PORT REPORT: Liquefied natural gas import terminal gets official green light at world’s biggest coal port

The state government of New South Wales, Australia, has given top-level “Critical State Significant Infrastructure” status to move forward with a $500 million liquefied natural gas (LNG) import terminal at the Port of Newcastle.

Critical State Significant Infrastructure” projects are high priority projects “essential” for the state of New South Wales on economic, social or environmental grounds. They are usually large, expensive and high value projects.

When a project is deemed to be “Critical State Significant Infrastructure” (CSSI), planning processes and decisions are moved out of the hands of the local council and are decided by the state minister of planning with the assistance of his or her department. The planning process is streamlined.

Project proponents have to apply to the state planning minister for this designation. The NSW Minister for Planning and Public Spaces, Rob Stokes, approved the LNG gas import terminal application.

Industry reactions

NSW’s Acting Premier, John Barilaro, commented, “the terminal could be operational by 2022-23 and provide supply for gas-fired power stations, helping to manage energy security during the period in which the Liddell [coal-fired] power station is scheduled to close. This LNG terminal would significantly address this risk and help secure a reliable and affordable future for NSW’s gas supply.”

The Port of Newcastle said that the announcement recognises the need to “significantly” increase local natural gas supply, promote competition and “put downward pressure” on the local price of natural gas. Port of Newcastle CEO Craig Carmody commented, “this is a critical future-proofing project for the region.
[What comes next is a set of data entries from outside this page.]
text \<open>Write N = length b, n = sum_list b and F for the distribution function of a
  self-similar measure. Comparing the mass outside [0, 1] with the mass outside ever larger
  neighbourhoods shows that F vanishes on the negative reals and equals 1 on [1, \<infinity>). For x \<ge> 0
  the self-similarity equation then collapses to the digit recursion
  F x = #{d \<in> D. d < j} / n + [j \<in> D] / n * F (frac (N x)),  with j = \<lfloor>N x\<rfloor>,
  whose coefficients are rational and at most 1 / n. The orbit of a rational x under
  y \<mapsto> frac (N y) is eventually periodic, and iterating the recursion once around a period gives
  F z = A + C F z with A, C rational and C < 1 at a periodic point z; so F z, and with it F x,
  is rational. The same recursion forces any two self-similar measures to have distribution
  functions that differ by at most n^-k for every k, which, together with the law of a random
  N-adic expansion with uniformly chosen digits, identifies ss_measure.\<close>

lemma frac_mult_orbit_repeats:
  fixes m :: nat and x :: real
  assumes "x \<in> \<rat>"
  obtains i j
  where "i < j" "((\<lambda>y. frac (real m * y)) ^^ i) x = ((\<lambda>y. frac (real m * y)) ^^ j) x"
proof -
  define T where "T = (\<lambda>y. frac (real m * y))"
  obtain p q :: int where q: "q > 0" and x: "x = of_int p / of_int q"
    using Rats_cases'[OF assms] by metis
  have denom: "\<exists>r::int. (T ^^ i) x = of_int r / of_int q" for i
  proof (induction i)
    case (Suc i)
    then obtain r where r: "(T ^^ i) x = of_int r / of_int q" by blast
    define w where "w = \<lfloor>real m * (T ^^ i) x\<rfloor>"
    have "(T ^^ Suc i) x = real m * (T ^^ i) x - of_int w"
      by (simp add: T_def frac_def w_def)
    also have "\<dots> = of_int (int m * r - q * w) / of_int q"
      using q by (simp add: r field_simps)
    finally show ?case by blast
  qed (use x in auto)
  have "(T ^^ Suc i) x \<in> (\<lambda>r. of_int r / of_int q) ` {0..<q}" for i
  proof -
    obtain r where r: "(T ^^ Suc i) x = of_int r / of_int q" using denom by blast
    have "0 \<le> (T ^^ Suc i) x" "(T ^^ Suc i) x < 1"
      by (simp_all add: T_def frac_lt_1)
    then have "0 \<le> real_of_int r / of_int q" "real_of_int r / of_int q < 1"
      by (simp_all only: r)
    then have "r \<in> {0..<q}" using q by (simp add: divide_less_eq le_divide_eq)
    then show ?thesis using r by blast
  qed
  then have "\<not> inj (\<lambda>i. (T ^^ Suc i) x)"
    using inj_on_finite[of "\<lambda>i. (T ^^ Suc i) x" UNIV] by blast
  then obtain i j where "i \<noteq> j" "(T ^^ Suc i) x = (T ^^ Suc j) x"
    unfolding inj_def by blast
  then show ?thesis
    using that[of "Suc i" "Suc j"] that[of "Suc j" "Suc i"] unfolding T_def
    by (cases "i < j") auto
qed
Projects such as the EPIK Newcastle GasDock project open a number of new trade opportunities, develop capability and support businesses and jobs across the Hunter Region and around New South Wales.”

The proponent of the project is South Korean company, EPIK.

EPIK Founder and Managing Director Jee Yoon said the company was pleased with the project’s momentum. “EPIK’s primary objective is to deliver the most competitive infrastructure solution for natural gas imports into NSW. With CSSI status in hand, we are a considerable step closer,” Yoon said.

He added that the Port of Newcastle was chosen because of its location close to “significant industrial gas and power users, and access into the Sydney Short Term Trading Market, allowing natural gas imported through the Newcastle terminal to reach users throughout NSW and [the] broader southeast Australian market at a competitive price point.”

EPIK’s Newcastle GasDock

In summary, the Newcastle GasDock project is a proposal to import and berth a 170,000 cubic meter LNG floating storage and regasification unit (FSRU) at Newcastle’s Kooragang Island. The FSRU would connect to Australia’s east coast gas network.

When it is up and running, EPIK’s Newcastle Gas Dock import terminal would expand the locally available natural gas supply in New South Wales by 110 petajoules.

EPIK announced in December 2018 that it had entered into an agreement with the Port of Newcastle to build an FSRU at the site. EPIK expects to place an order for the FSRU new-build with a shipyard by early 2020, subject to regulatory approvals.

How to make LNG

An FSRU, as its name suggests, is used to store and/or regasify super-cold liquefied natural gas. The “natural gas” in LNG is the chemical compound methane, which is a gas at room temperature.

Methane is progressively cooled to minus 260 Fahrenheit (minus 161 degrees Celsius). The gas is then subjected to low pressure which causes it to liquefy. At that point of liquefaction the methane has been converted to LNG.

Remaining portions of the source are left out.